Synthetic market histories for strategy research, robustness testing, and backtest stress scenarios.
SynthMarket is a local-first Python library and browser dashboard for generating statistically plausible synthetic OHLCV market data with PyTorch. It trains recurrent WGAN-GP models on historical asset data, generates alternative market paths, evaluates stylized facts, and backtests trading strategies across those paths.
The goal is not price prediction. The goal is to ask better research questions:
- What happens to this strategy across thousands of plausible market histories?
- Does the generated data preserve return distributions, volatility behavior, and cross-asset relationships?
- Which strategy parameters survive adverse synthetic scenarios?
- Can the results be exported into a standard backtesting workflow?
- Recurrent WGAN-GP generator and critic built with PyTorch
nn.Module. - Single-asset and correlated multi-asset OHLCV flows.
- yfinance data fetching plus robust OHLCV cleaning, scaling, and sliding-window sequencing.
- Strategy templates and no-code strategy specs:
- Buy and Hold
- SMA Crossover
- EMA Crossover
- RSI Mean Reversion
- Bollinger Mean Reversion
- Donchian Breakout
- Portfolio backtesting across generated paths.

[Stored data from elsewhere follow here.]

(* For integers $n \ge m > 1$, $\det'(K_{n,m}) = n-1$ if $n \neq m$, and $\det'(K_{n,m}) = n$ if $n = m$.
   Context: $K_{n,m}$ is the complete bipartite graph with parts of sizes $n$ and $m$. For a graph $G$ with at most one isolated vertex and no component isomorphic to $K_2$, an edge subset $T$ is an edge determining set if the only automorphism $\phi$ of $G$ satisfying $\{\phi(u),\phi(v)\}=\{u,v\}$ for all $\{u,v\}\in T$ is the identity; the determining index $\det'(G)$ is the minimum size of an edge determining set. *)

theory Defs
  imports Main
begin

definition graph_automorphism :: "'a set \<Rightarrow> 'a set set \<Rightarrow> ('a \<Rightarrow> 'a) \<Rightarrow> bool" where
  "graph_automorphism V E \<phi> \<longleftrightarrow>
     bij_betw \<phi> V V \<and> (\<forall>u\<in>V. \<forall>v\<in>V. ({u, v} \<in> E \<longleftrightarrow> {\<phi> u, \<phi> v} \<in> E))"

definition edge_determining_set :: "'a set \<Rightarrow> 'a set set \<Rightarrow> 'a set set \<Rightarrow> bool" where
  "edge_determining_set V E T \<longleftrightarrow> T \<subseteq> E \<and>
     (\<forall>\<phi>. graph_automorphism V E \<phi> \<and>
           (\<forall>u v. {u, v} \<in> T \<longrightarrow> {\<phi> u, \<phi> v} = {u, v})
           \<longrightarrow> (\<forall>x\<in>V. \<phi> x = x))"

definition determining_index :: "'a set \<Rightarrow> 'a set set \<Rightarrow> nat" where
  "determining_index V E =
     (LEAST k. \<exists>T. edge_determining_set V E T \<and> finite T \<and> card T = k)"

definition Knm_vertices :: "nat \<Rightarrow> nat \<Rightarrow> (nat + nat) set" where
  "Knm_vertices n m = Inl ` {..<n} \<union> Inr ` {..<m}"

definition Knm_edges :: "nat \<Rightarrow> nat \<Rightarrow> (nat + nat) set set" where
  "Knm_edges n m = {{Inl i, Inr j} | i j. i < n \<and> j < m}"

end

theory Submission
  imports Defs "HOL-Combinatorics.Transposition"
begin

text \<open>Automorphisms of \<open>K\<^sub>n\<^sub>,\<^sub>m\<close> are the side-preserving permutations of the vertices,
  plus the side exchanges when \<open>n = m\<close>. Exchanging two vertices of one side fixes every edge
  avoiding both, so an edge determining set covers all but at most one vertex of each side and has
  at least \<open>n - 1\<close> edges. For \<open>n = m\<close> a determining set with \<open>n - 1\<close> edges would be a matching
  missing one vertex on each side; exchanging the sides along the perfect matching obtained by
  joining the two missing vertices fixes all its edges.

  Conversely, joining left vertex \<open>i < k\<close> to right vertex \<open>min i (m - 2)\<close> gives a determining
  set: a side-preserving automorphism fixing these edges fixes all but at most one vertex on each
  side, hence everything, and for \<open>k = n\<close> the right vertex \<open>m - 2\<close> has two partners, which
  excludes side exchanges.\<close>

lemma determining_index_eqI:
  assumes "edge_determining_set V E T" "finite T" "card T = k"
    and "\<And>T'. edge_determining_set V E T' \<Longrightarrow> finite T' \<Longrightarrow> k \<le> card T'"
  shows "determining_index V E = k"
  unfolding determining_index_def
  by (rule Least_equality) (use assms in blast)+

lemma edge_determining_setD:
  assumes "edge_determining_set V E T" "graph_automorphism V E \<phi>"
    and "\<And>e. e \<in> T \<Longrightarrow> \<phi> ` e = e" "x \<in> V"
  shows "\<phi> x = x"
  using assms unfolding edge_determining_set_def by (metis image_insert image_empty)

lemma card_le_Suc_card_if_subsingleton_diff:
  assumes "finite B" "A \<subseteq> B" "\<And>x y. x \<in> B - A \<Longrightarrow> y \<in> B - A \<Longrightarrow> x = y"
  shows "card B \<le> Suc (card A)"
proof -
  have "card (B - A) \<le> Suc 0"
    using assms by (simp add: card_le_Suc0_iff_eq)
  then show ?thesis
    using assms by (simp add: card_Diff_subset finite_subset)
qed

lemma inj_on_fixes_remaining_point:
  assumes "inj_on \<phi> S" "\<phi> ` S \<subseteq> S" "x \<in> S" "\<And>y. y \<in> S \<Longrightarrow> y \<noteq> x \<Longrightarrow> \<phi> y = y"
  shows "\<phi> x = x"
proof (rule ccontr)
  assume moved: "\<phi> x \<noteq> x"
  have "\<phi> x \<in> S" using assms by blast
  then have "\<phi> (\<phi> x) = \<phi> x" using assms(4) moved by blast
  then show False using inj_onD[OF assms(1)] \<open>\<phi> x \<in> S\<close> assms(3) moved by blast
qed

lemma bij_betw_of_injective_projections:
  assumes "inj_on fst Q" "inj_on snd Q"
  obtains f where "bij_betw f (fst ` Q) (snd ` Q)" "\<And>i j. (i, j) \<in> Q \<Longrightarrow> f i = j"
proof
  have "bij_betw (the_inv_into Q fst) (fst ` Q) Q"
    using assms(1) by (simp add: bij_betw_the_inv_into inj_on_imp_bij_betw)
  moreover have "bij_betw snd Q (snd ` Q)"
    using assms(2) by (simp add: inj_on_imp_bij_betw)
  ultimately show "bij_betw (snd \<circ> the_inv_into Q fst) (fst ` Q) (snd ` Q)"
    by (rule bij_betw_trans)
  show "(snd \<circ> the_inv_into Q fst) i = j" if "(i, j) \<in> Q" for i j
    using the_inv_into_f_eq[OF assms(1) _ that] by simp
qed

lemma bij_completion_to_lessThan:
  assumes "finite P" "\<pi> ` P \<subseteq> {..<n}" "card P = n - 1" "n \<le> Suc (card (\<pi> ` P))" "0 < n"
  obtains a where "a < n" "a \<notin> \<pi> ` P"
    "\<And>q. \<pi> q = a \<Longrightarrow> \<pi> ` insert q P = {..<n} \<and> inj_on \<pi> (insert q P)"
proof -
  have card_image: "card (\<pi> ` P) = card P"
    using assms card_image_le[OF \<open>finite P\<close>, of \<pi>] by linarith
  then have inj: "inj_on \<pi> P"
    using \<open>finite P\<close> by (simp add: inj_on_iff_eq_card)
  have "\<not> {..<n} \<subseteq> \<pi> ` P"
    using card_mono[OF finite_imageI[OF \<open>finite P\<close>]] card_image assms by fastforce
  then obtain a where a: "a < n" "a \<notin> \<pi> ` P" by auto
  show thesis
  proof (rule that[OF a])
    fix q assume "\<pi> q = a"
    then have image: "\<pi> ` insert q P = insert a (\<pi> ` P)" by simp
    show "\<pi> ` insert q P = {..<n} \<and> inj_on \<pi> (insert q P)"
    proof
      show "\<pi> ` insert q P = {..<n}"
        unfolding image using a assms card_image
        by (intro card_subset_eq) (auto simp: finite_subset)
      show "inj_on \<pi> (insert q P)"
        using inj a \<open>\<pi> q = a\<close> by (auto simp: inj_on_insert)
    qed
  qed
qed

lemma Knm_vertices_iff:
  "x \<in> Knm_vertices n m \<longleftrightarrow> (case x of Inl i \<Rightarrow> i < n | Inr j \<Rightarrow> j < m)"
  by (cases x) (auto simp: Knm_vertices_def)

lemma Knm_edge_iff: "{Inl i, Inr j} \<in> Knm_edges n m \<longleftrightarrow> i < n \<and> j < m"
  by (auto simp: Knm_edges_def doubleton_eq_iff)

lemma Knm_adjacent_iff:
  assumes "u \<in> Knm_vertices n m" "v \<in> Knm_vertices n m"
  shows "{u, v} \<in> Knm_edges n m \<longleftrightarrow> isl u \<noteq> isl v"
  using assms
  by (cases u; cases v) (auto simp: Knm_vertices_iff Knm_edges_def doubleton_eq_iff)

lemma Knm_automorphism_iff:
  "graph_automorphism (Knm_vertices n m) (Knm_edges n m) \<phi> \<longleftrightarrow>
     bij_betw \<phi> (Knm_vertices n m) (Knm_vertices n m) \<and>
     (\<forall>u\<in>Knm_vertices n m. \<forall>v\<in>Knm_vertices n m. isl (\<phi> u) = isl (\<phi> v) \<longleftrightarrow> isl u = isl v)"
proof -
  have "({u, v} \<in> Knm_edges n m \<longleftrightarrow> {\<phi> u, \<phi> v} \<in> Knm_edges n m) \<longleftrightarrow>
        (isl (\<phi> u) = isl (\<phi> v) \<longleftrightarrow> isl u = isl v)"
    if "bij_betw \<phi> (Knm_vertices n m) (Knm_vertices n m)"
      "u \<in> Knm_vertices n m" "v \<in> Knm_vertices n m" for u v
  proof -
    have "\<phi> u \<in> Knm_vertices n m" "\<phi> v \<in> Knm_vertices n m"
      using that bij_betwE by blast+
    then show ?thesis using that(2,3) by (simp add: Knm_adjacent_iff) blast
  qed
  then show ?thesis
    unfolding graph_automorphism_def by blast
qed

lemma Knm_automorphism_side_cases:
  assumes aut: "graph_automorphism (Knm_vertices n m) (Knm_edges n m) \<phi>"
    and "m \<le> n" "0 < n"
  shows "(\<forall>u\<in>Knm_vertices n m. isl (\<phi> u) = isl u) \<or>
         (n = m \<and> (\<forall>u\<in>Knm_vertices n m. isl (\<phi> u) \<noteq> isl u))"
proof -
  have bij: "bij_betw \<phi> (Knm_vertices n m) (Knm_vertices n m)"
    and sides: "\<forall>u\<in>Knm_vertices n m. \<forall>v\<in>Knm_vertices n m. isl (\<phi> u) = isl (\<phi> v) \<longleftrightarrow> isl u = isl v"
    using aut by (simp_all add: Knm_automorphism_iff)
  have Inl0: "Inl 0 \<in> Knm_vertices n m" using assms by (simp add: Knm_vertices_iff)
  have side: "isl (\<phi> u) \<longleftrightarrow> (isl u \<longleftrightarrow> isl (\<phi> (Inl 0)))" if "u \<in> Knm_vertices n m" for u
    using sides[rule_format, OF that Inl0] by auto
  show ?thesis
  proof (cases "isl (\<phi> (Inl 0))")
    case True
    then show ?thesis using side by auto
  next
    case False
    then have swapped: "\<forall>u\<in>Knm_vertices n m. isl (\<phi> u) \<noteq> isl u"
      using side by auto
    have "inj_on \<phi> (Inl ` {..<n})"
      using bij by (rule inj_on_subset[OF bij_betw_imp_inj_on]) (auto simp: Knm_vertices_def)
    moreover have "\<phi> ` Inl ` {..<n} \<subseteq> Inr ` {..<m}"
    proof
      fix y assume "y \<in> \<phi> ` Inl ` {..<n}"
      then obtain i where "i < n" and y: "y = \<phi> (Inl i)" by auto
      then have "Inl i \<in> Knm_vertices n m" by (simp add: Knm_vertices_iff)
      then have "y \<in> Knm_vertices n m" "\<not> isl y"
        using y bij_betwE[OF bij] swapped by auto
      then show "y \<in> Inr ` {..<m}" by (cases y) (auto simp: Knm_vertices_iff)
    qed
    ultimately have "card (Inl ` {..<n} :: (nat + nat) set) \<le> card (Inr ` {..<m} :: (nat + nat) set)"
      by (intro card_inj_on_le) simp_all
    then have "n \<le> m" by (simp add: card_image)
    then show ?thesis using \<open>m \<le> n\<close> swapped by simp
  qed
qed

lemma Knm_side_preserving_fixes_side:
  assumes aut: "graph_automorphism (Knm_vertices n m) (Knm_edges n m) \<phi>"
    and sides: "\<forall>u\<in>Knm_vertices n m. isl (\<phi> u) = isl u"
    and x: "x \<in> Knm_vertices n m"
    and others: "\<And>y. y \<in> Knm_vertices n m \<Longrightarrow> isl y = isl x \<Longrightarrow> y \<noteq> z \<Longrightarrow> \<phi> y = y"
  shows "\<phi> x = x"
proof (cases "x = z")
  case True
  let ?S = "{y \<in> Knm_vertices n m. isl y = isl x}"
  have bij: "bij_betw \<phi> (Knm_vertices n m) (Knm_vertices n m)"
    using aut by (simp add: Knm_automorphism_iff)
  show ?thesis
  proof (rule inj_on_fixes_remaining_point[where S = ?S])
    show "inj_on \<phi> ?S"
      using bij by (rule inj_on_subset[OF bij_betw_imp_inj_on]) blast
    show "\<phi> ` ?S \<subseteq> ?S"
      using bij_betwE[OF bij] sides by auto
  qed (use x others True in auto)
qed (use x others in auto)

lemma Knm_transpose_automorphism:
  assumes "u \<in> Knm_vertices n m" "v \<in> Knm_vertices n m" "isl u = isl v"
  shows "graph_automorphism (Knm_vertices n m) (Knm_edges n m) (transpose u v)"
proof -
  have "isl (transpose u v x) = isl x" for x
    using assms(3) by (simp add: transpose_def)
  then show ?thesis
    using assms by (simp add: Knm_automorphism_iff)
qed

lemma Knm_matching_swap_automorphism:
  assumes f: "bij_betw f {..<n} {..<n}"
  shows "graph_automorphism (Knm_vertices n n) (Knm_edges n n)
           (case_sum (\<lambda>i. Inr (f i)) (\<lambda>j. Inl (inv_into {..<n} f j)))"
    (is "graph_automorphism _ _ ?\<phi>")
proof -
  have inv: "bij_betw (inv_into {..<n} f) {..<n} {..<n}"
    using f by (rule bij_betw_inv_into)
  have "?\<phi> (?\<phi> x) = x \<and> ?\<phi> x \<in> Knm_vertices n n" if "x \<in> Knm_vertices n n" for x
    using that f inv bij_betwE[OF f] bij_betwE[OF inv]
    by (cases x) (auto simp: Knm_vertices_iff bij_betw_def inv_into_f_f f_inv_into_f)
  then have "bij_betw ?\<phi> (Knm_vertices n n) (Knm_vertices n n)"
    by (intro bij_betw_byWitness[where f' = ?\<phi>]) auto
  moreover have "isl (?\<phi> x) \<longleftrightarrow> \<not> isl x" for x
    by (cases x) simp_all
  ultimately show ?thesis by (simp add: Knm_automorphism_iff)
qed

lemma Knm_determining_covers_side:
  assumes det: "edge_determining_set (Knm_vertices n m) (Knm_edges n m) T"
    and "u \<in> Knm_vertices n m" "v \<in> Knm_vertices n m" "isl u = isl v" "u \<noteq> v"
  shows "(\<exists>e\<in>T. u \<in> e) \<or> (\<exists>e\<in>T. v \<in> e)"
proof (rule ccontr)
  assume "\<not> ?thesis"
  then have "transpose u v ` e = e" if "e \<in> T" for e
    using that by (force simp: transpose_def)
  then have "transpose u v u = u"
    using edge_determining_setD[OF det Knm_transpose_automorphism] assms by blast
  then show False using \<open>u \<noteq> v\<close> by simp
qed

definition Knm_pairs :: "(nat + nat) set set \<Rightarrow> (nat \<times> nat) set" where
  "Knm_pairs T = {(i, j). {Inl i, Inr j} \<in> T}"

lemma Knm_edges_subset_eq_image_pairs:
  assumes "T \<subseteq> Knm_edges n m"
  shows "T = (\<lambda>(i, j). {Inl i, Inr j}) ` Knm_pairs T"
  using assms by (force simp: Knm_pairs_def Knm_edges_def)

lemma Knm_pairs_bounded:
  assumes "T \<subseteq> Knm_edges n m" "(i, j) \<in> Knm_pairs T"
  shows "i < n" "j < m"
  using assms by (auto simp: Knm_pairs_def Knm_edge_iff)

lemma card_Knm_pairs:
  assumes "T \<subseteq> Knm_edges n m" "finite T"
  shows "finite (Knm_pairs T)" "card (Knm_pairs T) = card T"
proof -
  have inj: "inj_on (\<lambda>(i, j). {Inl i, Inr j} :: (nat + nat) set) (Knm_pairs T)"
    by (auto simp: inj_on_def doubleton_eq_iff)
  have T: "T = (\<lambda>(i, j). {Inl i, Inr j}) ` Knm_pairs T"
    using assms(1) by (rule Knm_edges_subset_eq_image_pairs)
  show "finite (Knm_pairs T)"
    using assms(2) finite_imageD[OF _ inj] T by simp
  show "card (Knm_pairs T) = card T"
    using card_image[OF inj] T by simp
qed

- Stylized-fact evaluator for return distributions, tails, volatility clustering, autocorrelation, and memorization checks.
- Local SQLite persistence for saved runs and strategy specs.
- Browser dashboard for training, generation, evaluation, backtesting, comparison, exports, and previous-result viewing.
- Export adapters for VectorBT-ready close matrices and Backtrader-ready OHLCV bundles.
historical OHLCV
-> clean and align
-> scale and window
-> train recurrent WGAN-GP
-> generate synthetic OHLCV paths
-> repair market constraints
-> evaluate realism
-> backtest strategies
-> compare saved runs
-> export CSV / ZIP / checkpoint artifacts
SynthMarket targets Python 3.9+.
python3 -m venv .venv
source .venv/bin/activate
python -m pip install -U pip
python -m pip install -e ".[dev]"Runtime dependencies are declared in pyproject.toml: PyTorch, Pandas, NumPy, SciPy, yfinance, and Matplotlib.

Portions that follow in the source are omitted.